Only after a few weeks after F14 = 2^(2^14)+1 had been factored
day before yesterday a factor of F22 = 2^(2^22)+1 had been found out
by using the Elliptic Curve Method by David Bessell
F22 has a factor: 64658705994591851009055774868504577
This is the first known factor of this number!

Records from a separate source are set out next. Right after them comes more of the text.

lemma cov_integrand_integrable:
  fixes p q :: "'k::finite pt" and \<beta> :: real
  assumes "0 \<le> fst p" "fst p \<le> T" "0 \<le> fst q" "fst q \<le> T" and T: "0 < T"
    and \<beta>: "0 < \<beta>" "\<beta> \<le> CARD('k)" "\<beta> < 2"
  shows "integrable lborel (cov_integrand \<beta> p q)"
proof (rule integrableI_bounded)
  have "(\<integral>\<^sup>+z. ennreal (norm (cov_integrand \<beta> p q z)) \<partial>lborel)
      \<le> (\<integral>\<^sup>+z. 9 * ennreal (norm (snd z) powr 0 * (min T (1 / heat_symbol (fst z) (snd z)))\<^sup>2 * riesz_weight \<beta> (snd z))
          \<partial>(lborel :: (real \<times> (real ^ 'k)) measure))"
  proof (rule nn_integral_mono)
    fix z :: "real \<times> (real ^ 'k)"
    have "ennreal (norm (cov_integrand \<beta> p q z))
        \<le> ennreal (9 * (norm (snd z) powr 0 * (min T (1 / heat_symbol (fst z) (snd z)))\<^sup>2 * riesz_weight \<beta> (snd z)))"
      using assms by (intro ennreal_leI norm_cov_integrand_le) auto
    then show "ennreal (norm (cov_integrand \<beta> p q z))
        \<le> 9 * ennreal (norm (snd z) powr 0 * (min T (1 / heat_symbol (fst z) (snd z)))\<^sup>2 * riesz_weight \<beta> (snd z))"
      by (simp add: ennreal_mult')
  qed
  also have "\<dots> < \<infinity>"
    using nn_integral_spatial_kernel_finite[OF T, of \<beta> 0, where 'a="real ^ 'k"] \<beta>
    by (simp add: nn_integral_cmult riesz_weight_def ennreal_mult_less_top)
  finally show "(\<integral>\<^sup>+z. ennreal (norm (cov_integrand \<beta> p q z)) \<partial>lborel) < \<infinity>" .
qed simp
lemma sumset_index_le_Max:
  assumes "finite P" "0 \<notin> B" "w \<in> P" "w \<in> sumset s B"
  shows "s \<le> Max {s. P \<inter> sumset s B \<noteq> {}}"
proof (rule Max_ge)
  have "{s. P \<inter> sumset s B \<noteq> {}} \<subseteq> {..Max P}"
  proof
    fix s assume "s \<in> {s. P \<inter> sumset s B \<noteq> {}}"
    then obtain v where "v \<in> P" "v \<in> sumset s B" by blast
    then have "s \<le> v" "v \<le> Max P"
      using sumset_index_le[OF assms(2)] Max_ge[OF assms(1)] by simp_all
    then show "s \<in> {..Max P}" by simp
  qed
  then show "finite {s. P \<inter> sumset s B \<noteq> {}}"
    by (rule finite_subset) simp
qed (use assms(3,4) in blast)

lemma group_closure_mod_gen_semigroup:
  assumes "k \<in> group_closure (int ` A)" and "0 < d"
  shows "\<exists>x\<in>gen_semigroup A. int x mod int d = k mod int d"
  using assms(1)
proof induction
  case (base k)
  then consider "k = 0" | b where "b \<in> A" "k = int b" by blast
  then show ?case
  proof cases
    case 1
    with gen_semigroup.zero show ?thesis by force
  next
    case 2
    with gen_semigroup_generator show ?thesis by blast
  qed
next
  case (diff s t)
  then obtain x y where xy: "x \<in> gen_semigroup A" "int x mod int d = s mod int d"
    "y \<in> gen_semigroup A" "int y mod int d = t mod int d" by blast
  \<comment> \<open>modulo \<open>d\<close>, subtracting \<open>y\<close> is adding \<open>(d - 1) y\<close>\<close>
  obtain e where "d = Suc e" using assms(2) by (cases d) auto
  then have eq: "int (x + e * y) = (int x - int y) + int d * int y"
    by (simp add: algebra_simps)
  have "int (x + e * y) mod int d = (int x - int y) mod int d"
    unfolding eq by (rule mod_mult_self2)
  also have "\<dots> = (s - t) mod int d"
    using xy(2,4) by (rule mod_diff_cong)
  finally have "int (x + e * y) mod int d = (s - t) mod int d" .
  moreover have "x + e * y \<in> gen_semigroup A"
    using xy(1,3) by (intro gen_semigroup_add gen_semigroup_mult)
  ultimately show ?case by blast
qed

lemma gen_semigroup_mod_surj:
  assumes "Gcd A = 1" and "r < d"
  shows "\<exists>x\<in>gen_semigroup A. x mod d = r"
proof -
  have "1 \<in> group_closure (int ` A)"
    using Gcd_in_group_closure[of "int ` A"] assms(1) by simp
  then obtain x where x: "x \<in> gen_semigroup A" "int x mod int d = 1 mod int d"
    using group_closure_mod_gen_semigroup[of 1 A d] assms(2) by auto
  then have "int (x mod d) = int (1 mod d)"
    by (simp only: zmod_int of_nat_1)
  then have "(r * x) mod d = (r * 1) mod d"
    by (metis mod_mult_right_eq of_nat_eq_iff)
  then have "(r * x) mod d = r"
    using assms(2) by simp
  with x(1) show ?thesis by (blast intro: gen_semigroup_mult)
qed

lemma add_notin_apery: "x \<in> S \<Longrightarrow> x + d \<notin> apery S d"
  by (simp add: apery_def)

lemma apery_subset: "apery S d \<subseteq> S"
  by (auto simp: apery_def)
lemma ceiling_log10_eq_ndigits: "\<lceil>log 10 (real a + 1)\<rceil> = int (ndigits a)"
proof (rule ceiling_unique)
  have "a + 1 \<le> 10 ^ ndigits a"
    using less_power_ndigits[of a] by simp
  then have "real a + 1 \<le> 10 ^ ndigits a"
    by (metis of_nat_le_iff of_nat_numeral of_nat_power of_nat_Suc Suc_eq_plus1 add.commute)
  then show "log 10 (real a + 1) \<le> real_of_int (int (ndigits a))"
    by (simp add: log_le_iff powr_realpow add_pos_nonneg)
  show "real_of_int (int (ndigits a)) - 1 < log 10 (real a + 1)"
  proof (cases "ndigits a")
    case 0
    then show ?thesis using less_power_ndigits[of a] by simp
  next
    case (Suc k)
    then have "10 ^ k \<le> a" using power_pred_ndigits_le[of a] by simp
    then have "(10::real) ^ k \<le> real a"
      by (metis of_nat_le_iff of_nat_numeral of_nat_power)
    then have "(10::real) ^ k < real a + 1" by linarith
    then show ?thesis using Suc by (simp add: less_log_iff powr_realpow add_pos_nonneg)
  qed
qed

lemma concat_dec_Nil [simp]: "concat_dec [] = 0"
  by (simp add: concat_dec_def)

lemma concat_dec_singleton [simp]: "concat_dec [a] = a"
  by (simp add: concat_dec_def)

lemma concat_dec_snoc: "concat_dec (xs @ [a]) = concat_dec xs * 10 ^ ndigits a + a"
  by (simp add: concat_dec_def)

lemma concat_dec_append:
  "concat_dec (xs @ ys) = concat_dec xs * 10 ^ sum_list (map ndigits ys) + concat_dec ys"
proof (induction ys rule: rev_induct)
  case Nil
  then show ?case by simp
next
  case (snoc y ys)
  then show ?case
    by (simp flip: append_assoc add: concat_dec_snoc algebra_simps power_add)
qed

lemma concat_dec_Cons: "concat_dec (a # xs) = a * 10 ^ sum_list (map ndigits xs) + concat_dec xs"
  using concat_dec_append[of "[a]" xs] by (simp add: concat_dec_snoc)

lemma Sseq_eq_concat_dec:
  "Sseq U0 d k = concat_dec (map (APU U0 d) [0..<Suc k])
      * 10 ^ sum_list (map ndigits (map (APU U0 d) [0..<k]))
    + concat_dec (rev (map (APU U0 d) [0..<k]))"
proof -
  have "Sseq U0 d k = concat_dec (map (APU U0 d) [0..<Suc k] @ rev (map (APU U0 d) [0..<k]))"
    unfolding Sseq_def by simp
  then show ?thesis by (simp only: concat_dec_append rev_map[symmetric] sum_list_rev)
qed

lemma Sseq_0: "Sseq U0 d 0 = U0"
  by (simp add: Sseq_def APU_def)

lemma recurrence_difference_geometric:
  fixes p q f :: "nat \<Rightarrow> 'a::comm_ring_1"
  assumes "\<And>k. k < m \<Longrightarrow> p (Suc k) = x * p k + f k"
    and "\<And>k. k < m \<Longrightarrow> q (Suc k) = x * q k + f k"
  shows "p m = q m + x ^ m * (p 0 - q 0)"
  using assms
proof (induction m)
  case 0
  then show ?case by simp
next
  case (Suc m)
  have "p (Suc m) = x * p m + f m" using Suc.prems(1) by simp
  also have "p m = q m + x ^ m * (p 0 - q 0)" using Suc by simp
  also have "x * (q m + x ^ m * (p 0 - q 0)) + f m = (x * q m + f m) + x ^ Suc m * (p 0 - q 0)"
    by (simp add: algebra_simps)
  also have "x * q m + f m = q (Suc m)" using Suc.prems(2) by simp
  finally show ?case .
qed
text \<open>In every schedule the k unit jobs run one after another on machine 1, so their
  completion times are at least 1, 2, \<dots>, k, and the big job alone contributes k^2.
  In (CP) every job costs the same on each machine it may use, so the linear term c^T x equals
  k^2 + k on the whole feasible region; spreading the big job evenly over its k machines makes
  the quadratic term x^T D x equal to k^2 + k as well, hence the (CP) optimum is exactly k^2 + k.\<close>

lemma separated_unit_jobs_Max_start:
  fixes S :: "'a \<Rightarrow> real"
  assumes "finite A" "A \<noteq> {}" "\<forall>j\<in>A. 0 \<le> S j"
    and "\<forall>j\<in>A. \<forall>j'\<in>A. j \<noteq> j' \<longrightarrow> S j + 1 \<le> S j' \<or> S j' + 1 \<le> S j"
  shows "real (card A) \<le> Max (S ` A) + 1"
  using assms
proof (induction "card A" arbitrary: A rule: less_induct)
  case less
  have "Max (S ` A) \<in> S ` A" using less.prems by simp
  then obtain m where m: "m \<in> A" "S m = Max (S ` A)" by auto
  define B where "B = A - {m}"
  have card_A: "card A = card B + 1"
    using card_Suc_Diff1[OF less.prems(1) m(1)] by (simp add: B_def)
  show ?case
  proof (cases "B = {}")
    case True
    then show ?thesis using card_A m less.prems(3) by auto
  next
    case False
    have "real (card B) \<le> Max (S ` B) + 1"
      using less.hyps[of B] less.prems False card_A by (simp add: B_def)
    moreover have "Max (S ` B) + 1 \<le> S m"
    proof -
      have "S j + 1 \<le> S m" if "j \<in> B" for j
      proof -
        have "j \<in> A" "j \<noteq> m" using that by (auto simp: B_def)
        moreover have "S j \<le> S m" using less.prems(1) \<open>j \<in> A\<close> m(2) by simp
        ultimately show ?thesis using less.prems(4) m(1) by fastforce
      qed
      moreover have "Max (S ` B) \<in> S ` B" using less.prems(1) False by (simp add: B_def)
      ultimately show ?thesis by auto
    qed
    ultimately show ?thesis using card_A m(2) by simp
  qed
qed

lemma separated_unit_jobs_sum_completion:
  fixes S :: "'a \<Rightarrow> real"
  assumes "finite A" "\<forall>j\<in>A. 0 \<le> S j"
    and "\<forall>j\<in>A. \<forall>j'\<in>A. j \<noteq> j' \<longrightarrow> S j + 1 \<le> S j' \<or> S j' + 1 \<le> S j"
  shows "real (card A) * (real (card A) + 1) / 2 \<le> (\<Sum>j\<in>A. S j + 1)"
  using assms
proof (induction "card A" arbitrary: A rule: less_induct)
  case less
  show ?case
  proof (cases "A = {}")
    case False
    have "Max (S ` A) \<in> S ` A" using less.prems(1) False by simp
    then obtain m where m: "m \<in> A" "S m = Max (S ` A)" by auto
    define B where "B = A - {m}"
    have card_A: "card A = card B + 1"
      using card_Suc_Diff1[OF less.prems(1) m(1)] by (simp add: B_def)
    have "real (card B) * (real (card B) + 1) / 2 \<le> (\<Sum>j\<in>B. S j + 1)"
      using less.hyps[of B] less.prems card_A by (simp add: B_def)
    moreover have "real (card A) \<le> S m + 1"
      using separated_unit_jobs_Max_start[OF less.prems(1) False less.prems(2,3)] m(2) by simp
    moreover have "(\<Sum>j\<in>A. S j + 1) = S m + 1 + (\<Sum>j\<in>B. S j + 1)"
      using less.prems(1) m(1) by (simp add: B_def sum.remove)
    ultimately show ?thesis using card_A by (simp add: field_simps)
  qed simp
qed

definition fractional_assignment ::
    "nat \<Rightarrow> nat \<Rightarrow> (nat \<Rightarrow> nat \<Rightarrow> bool) \<Rightarrow> (nat \<Rightarrow> nat \<Rightarrow> real) \<Rightarrow> bool" where
  "fractional_assignment M J allowed x \<longleftrightarrow>
     (\<forall>j\<in>{1..J}. (\<Sum>i\<in>{1..M}. x i j) = 1) \<and>
     (\<forall>i\<in>{1..M}. \<forall>j\<in>{1..J}. 0 \<le> x i j \<and> x i j \<le> 1) \<and>
     (\<forall>i\<in>{1..M}. \<forall>j\<in>{1..J}. \<not> allowed i j \<longrightarrow> x i j = 0)"

lemma CP_feasible_iff:
  "CP_feasible M J w p allowed x z \<longleftrightarrow>
     fractional_assignment M J allowed x \<and>
     cTx M J w p x \<le> z \<and> (cTx M J w p x + xDx M J w p x) / 2 \<le> z"
  by (auto simp: CP_feasible_def fractional_assignment_def)

lemma cTx_uniform_job_cost:
  assumes x: "fractional_assignment M J allowed x"
    and cost: "\<And>i j. i \<in> {1..M} \<Longrightarrow> j \<in> {1..J} \<Longrightarrow> allowed i j \<Longrightarrow> w j * p i j = c j"
  shows "cTx M J w p x = (\<Sum>j\<in>{1..J}. c j)"
proof -
  have "cTx M J w p x = (\<Sum>j\<in>{1..J}. \<Sum>i\<in>{1..M}. w j * p i j * x i j)"
    unfolding cTx_def by (rule sum.swap)
  also have "\<dots> = (\<Sum>j\<in>{1..J}. c j * (\<Sum>i\<in>{1..M}. x i j))"
    unfolding sum_distrib_left
  proof (intro sum.cong refl)
    fix i j assume ij: "i \<in> {1..M}" "j \<in> {1..J}"
    show "w j * p i j * x i j = c j * x i j"
    proof (cases "allowed i j")
      case False
      then show ?thesis using x ij by (simp add: fractional_assignment_def)
    qed (simp add: cost[OF ij])
  qed
  also have "\<dots> = (\<Sum>j\<in>{1..J}. c j)"
    using x by (simp add: fractional_assignment_def)
  finally show ?thesis .
qed
lemma lattice_count_le_one_near_zero:
  fixes B :: "real^'n^'n"
  assumes "invertible B"
  obtains \<delta> where "\<delta> > 0" "\<And>s. s < \<delta> \<Longrightarrow> lattice_count B s \<le> 1"
proof -
  define F where "F = lattice_gen B \<inter> {x. infnorm x \<le> 1} - {0}"
  define \<delta> where "\<delta> = Min (insert 1 (infnorm ` F))"
  have "finite F"
    using finite_lattice_gen_infnorm_le[OF assms] by (simp add: F_def)
  then have \<delta>: "\<delta> > 0" "\<delta> \<le> 1" "\<And>m. m \<in> F \<Longrightarrow> \<delta> \<le> infnorm m"
    by (auto simp: \<delta>_def F_def infnorm_pos_lt)
  have "lattice_count B s \<le> 1" if "s < \<delta>" for s
  proof -
    have "lattice_gen B \<inter> {x. infnorm x \<le> s} \<subseteq> {0}"
    proof
      fix m assume m: "m \<in> lattice_gen B \<inter> {x. infnorm x \<le> s}"
      show "m \<in> {0}"
      proof (rule ccontr)
        assume "m \<notin> {0}"
        then have "m \<in> F"
          using m \<open>s < \<delta>\<close> \<delta>(2) by (auto simp: F_def)
        then have "\<delta> \<le> infnorm m"
          by (rule \<delta>(3))
        then show False
          using m \<open>s < \<delta>\<close> by simp
      qed
    qed
    then have "card (lattice_gen B \<inter> {x. infnorm x \<le> s}) \<le> card {0 :: real^'n}"
      by (rule card_mono[rotated]) simp
    then show ?thesis
      by (simp add: lattice_count_def)
  qed
  with \<delta>(1) show ?thesis
    by (rule that)
qed
lemma exists_digit_avoided_in_block:
  fixes f g :: "'a \<Rightarrow> nat"
  assumes "finite S" "inj_on g S" "y \<notin> g ` S" "b > 0"
  shows "\<exists>c<b. \<forall>u\<in>S. g u div b = y div b \<longrightarrow> f u \<noteq> c"
proof -
  define T where "T = {u\<in>S. g u div b = y div b}"
  have inj: "inj_on (\<lambda>u. g u mod b) T"
  proof (rule inj_onI)
    fix u v assume "u \<in> T" "v \<in> T" "g u mod b = g v mod b"
    then have "g u = g v"
      unfolding T_def by (metis (mono_tags, lifting) div_mult_mod_eq mem_Collect_eq)
    with \<open>u \<in> T\<close> \<open>v \<in> T\<close> assms(2) show "u = v"
      unfolding T_def inj_on_def by blast
  qed
  have sub: "(\<lambda>u. g u mod b) ` T \<subseteq> {..<b} - {y mod b}"
  proof
    fix z assume "z \<in> (\<lambda>u. g u mod b) ` T"
    then obtain u where u: "u \<in> S" "g u div b = y div b" "z = g u mod b"
      unfolding T_def by blast
    have "g u \<noteq> y"
      using u(1) assms(3) by blast
    then have "z \<noteq> y mod b"
      using u(2,3) by (metis div_mult_mod_eq)
    then show "z \<in> {..<b} - {y mod b}"
      using u(3) assms(4) by simp
  qed
  have "card (f ` T) \<le> card T"
    using assms(1) unfolding T_def by (intro card_image_le) simp
  also have "\<dots> = card ((\<lambda>u. g u mod b) ` T)"
    using inj by (simp add: card_image)
  also have "\<dots> \<le> card ({..<b} - {y mod b})"
    using sub by (intro card_mono) auto
  also have "\<dots> < b"
    using assms(4) by simp
  finally have "\<not> {..<b} \<subseteq> f ` T"
    using assms(1) card_mono[of "f ` T" "{..<b}"] unfolding T_def by auto
  then show ?thesis
    unfolding T_def by blast
qed
lemma exists_anisotropic_orthogonal:
  fixes Q :: "int^'n^'n" and s w :: "real \<times> (real^'n) \<times> real"
  assumes H: "hyperbolic_even_lattice Q"
    and s: "mukai_pair Q s s \<noteq> 0" and w: "mukai_pair Q w w \<noteq> 0"
    and ws: "mukai_pair Q w s = 0"
  obtains z where "mukai_pair Q z s = 0" and "mukai_pair Q z w = 0" and "mukai_pair Q z z \<noteq> 0"
proof -
  have commute: "mukai_pair Q x y = mukai_pair Q y x" for x y
    using H by (simp add: mukai_pair_commute hyperbolic_even_lattice_symmetric)
  have "\<exists>z. mukai_pair Q z s = 0 \<and> mukai_pair Q z w = 0 \<and> mukai_pair Q z z \<noteq> 0"
  proof (rule ccontr)
    assume "\<not> ?thesis"
    then have isotropic: "mukai_pair Q z z = 0"
      if "mukai_pair Q z s = 0" "mukai_pair Q z w = 0" for z
      using that by blast
    define P where "P z = z - (mukai_pair Q z s / mukai_pair Q s s) *\<^sub>R s
        - (mukai_pair Q z w / mukai_pair Q w w) *\<^sub>R w" for z
    have P_s: "mukai_pair Q (P z) s = 0" for z
      unfolding P_def using s ws by (simp add: mukai_pair_bilinear)
    have P_w: "mukai_pair Q (P z) w = 0" for z
      unfolding P_def using w ws commute[of s w] by (simp add: mukai_pair_bilinear)
    have P_add: "P (z + z') = P z + P z'" for z z'
      unfolding P_def by (simp add: mukai_pair_bilinear algebra_simps add_divide_distrib)
    \<comment> \<open>polarisation: a totally isotropic subspace is totally orthogonal\<close>
    have P_orthogonal: "mukai_pair Q (P z) (P z') = 0" for z z'
    proof -
      have "mukai_pair Q (P z + P z') (P z + P z') = 0"
        using isotropic P_s P_w P_add by metis
      then show ?thesis
        using isotropic[OF P_s P_w] commute[of "P z'" "P z"] by (simp add: mukai_pair_bilinear)
    qed
    have P_zero: "P z = 0" for z
    proof (rule mukai_pair_nondegenerate[OF H])
      fix y
      have "y = P y + (mukai_pair Q y s / mukai_pair Q s s) *\<^sub>R s
          + (mukai_pair Q y w / mukai_pair Q w w) *\<^sub>R w"
        unfolding P_def by simp
      then have "mukai_pair Q (P z) y = mukai_pair Q (P z) (P y + (mukai_pair Q y s / mukai_pair Q s s) *\<^sub>R s
          + (mukai_pair Q y w / mukai_pair Q w w) *\<^sub>R w)"
        by simp
      also have "\<dots> = 0"
        using P_orthogonal P_s P_w commute by (simp add: mukai_pair_bilinear)
      finally show "mukai_pair Q (P z) y = 0" .
    qed
    have "z \<in> span {s, w}" for z
    proof -
      have "z = (mukai_pair Q z s / mukai_pair Q s s) *\<^sub>R s + (mukai_pair Q z w / mukai_pair Q w w) *\<^sub>R w"
        using P_zero[of z] unfolding P_def by (simp add: algebra_simps)
      also have "\<dots> \<in> span {s, w}"
        by (intro span_add span_scale span_base) auto
      finally show ?thesis .
    qed
    then have "dim (UNIV :: (real \<times> (real^'n) \<times> real) set) \<le> card {s, w}"
      by (intro dim_le_card) auto
    also have "\<dots> \<le> 2"
      by (simp add: card_insert_le_m1)
    finally show False
      by simp
  qed
  then show ?thesis
    using that by blast
qed
(* If $R\le\inf_{\lambda\in\Delta_{M(R)}}L\big(\sum_{(i,j)\in M(R)}\lambda_{ij}\tilde\beta_{ij}\big)$ (with the convention that the infimum over an empty index set is $+\infty$), then $\hat S$ is a B-set for the approachability problem with action sets $U=\Delta_K$, $V=(\Delta_{\mathcal X})^K$ and vector payoff $f(w,Q)=\big(\sum_{a}w(a)D(Q_a\|\nu^i_a)\big)_{i\in[m]}$; that is, for every $y\in\mathbb R^m\setminus\hat S$, with $\pi(y)$ its Euclidean projection onto $\hat S$, there exists $w\in\Delta_K$ such that $\langle y-\pi(y),f(w,Q)-\pi(y)\rangle\le0$ for all $Q\in(\Delta_{\mathcal X})^K$.
   Context: $\mathcal X$ finite, $\Delta_{\mathcal X}$ the distributions on $\mathcal X$, $\Delta_K,\Delta_m$ the probability simplices on $[K]$, $[m]$, $D$ the KL divergence; $m\ge2$ bandits $\nu^1,\dots,\nu^m$, $\nu^i=(\nu^i_a)_{a\in[K]}$, with all $\nu^i_a(x)>0$. For $\beta\in\Delta_m$ and $a\in[K]$ let $\phi_a(\beta)=-\log\sum_{x\in\mathcal X}\prod_{i=1}^m\nu^i_a(x)^{\beta_i}$, $I(\beta)=\min_a\phi_a(\beta)$, $L(\beta)=\max_a\phi_a(\beta)$. For $1\le i<j\le m$ and $b\in[0,1]$ let $\beta_{ij}(b)=b\,e_i+(1-b)e_j\in\Delta_m$. Given $R\in\mathbb R$, let $M(R)=\{(i,j):i<j,\ \sup_{b\in[0,1]}I(\beta_{ij}(b))<R\}$, and for each $(i,j)\in M(R)$ fix a point $\tilde\beta_{ij}=\beta_{ij}(b_{ij})$ for some $b_{ij}\in[0,1]$. Define $I'(\beta)=R$ if $\beta=\tilde\beta_{ij}$ for some $(i,j)\in M(R)$, and $I'(\beta)=I(\beta)$ otherwise; let $I'_{concave}$ be the upper concave envelope of $I'$ on $\Delta_m$ (the smallest concave function on $\Delta_m$ dominating $I'$ pointwise). Let $\hat S=\{x\in\mathbb R^m:\langle\beta,x\rangle\ge I'_{concave}(\beta)\ \forall\beta\in\Delta_m\}$. $\Delta_{M(R)}$ is the simplex of weights $\lambda=(\lambda_{ij})_{(i,j)\in M(R)}$. *)

theory Defs
  imports "HOL-Analysis.Analysis"
begin

definition distrs :: "('x::finite \<Rightarrow> real) set" where
  "distrs = {p. (\<forall>x. 0 \<le> p x) \<and> (\<Sum>x\<in>UNIV. p x) = 1}"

Any factor of 2^(2^n)+1 will always be of the form k.(2^(n+2))+1
No factors are known till now for F20, F24 which are known
to be already composite as of now. Awaiting the factors for
these numbers right now!!

All the known Fermat factors are always being available at
this following website: http://prothsearch.net/fermat.html

Hope that this will be a great year for more of the Fermat number
factors!

F12

Yesterday, Michael Vang found out this new factor of F12 = 2^(2^12)+1
568630647535356955169033410940867804839360742060818433
by using GMP-ECM

F12 is the lowest Fermat Number that is incompletely factored
The 1133 digit cofactor is still composite, as yet, as of now

Once again, I repeat that any factor of 2^(2^n)+1 will always be of
the form k.(2^(n+2))+1, and then that any factor of (2^p)-1 if p is
prime will always be of the form 2kp+1.
All the known Fermat number factors are always being available
at this following website page: http://prothsearch.net/fermat.html
Thus, being updated up regularly, frequently

The status of the first 25 Fermat Numbers status right now:

F0 = 3
F1 = 5
F2 = 17
F3 = 257
F4 = 65537
F5 = 641 · 6700417
F6 = 274177 · 67280421310721
F7 = 59649589127497217 · 5704689200685129054721
F8 = 1238926361552897 · P62
F9 = 2424833 · 7455602825647884208337395736200454918783366342657 · P99
F10 = 45592577 · 6487031809 · 4659775785220018543264560743076778192897 · P252
F11 = 319489 · 974849 · 167988556341760475137 · 3560841906445833920513 · P564
F12 = 114689 · 26017793 · 63766529 · 190274191361 · 1256132134125569 · 568630647535356955169033410940867804839360742060818433 · C1133
F13 = 2710954639361 · 2663848877152141313 · 3603109844542291969 ·
319546020820551643220672513 · C2391
F14 = 116928085873074369829035993834596371340386703423373313 · C4880
F15 = 1214251009 · 2327042503868417 · 168768817029516972383024127016961 · C9808
F16 = 825753601 · 188981757975021318420037633 · C19694
F17 = 31065037602817 · C39444
F18 = 13631489 · 81274690703860512587777 · C78884
F19 = 70525124609 · 646730219521 · 37590055514133754286524446080499713 · C157770
F20 = C315653
F21 = 4485296422913 · C631294
F22 = 64658705994591851009055774868504577 · C1262577
F23 = 167772161 · C2525215
F24 = C5050446

It is true that atleast one prime factor is known for the Fermat Numbers F25 through F32. The status of their cofactors whether prime or composite is unknown as of now. The smallest Fermat number without any known factors at all whose entire status is being unknown right now is thus F33, right then?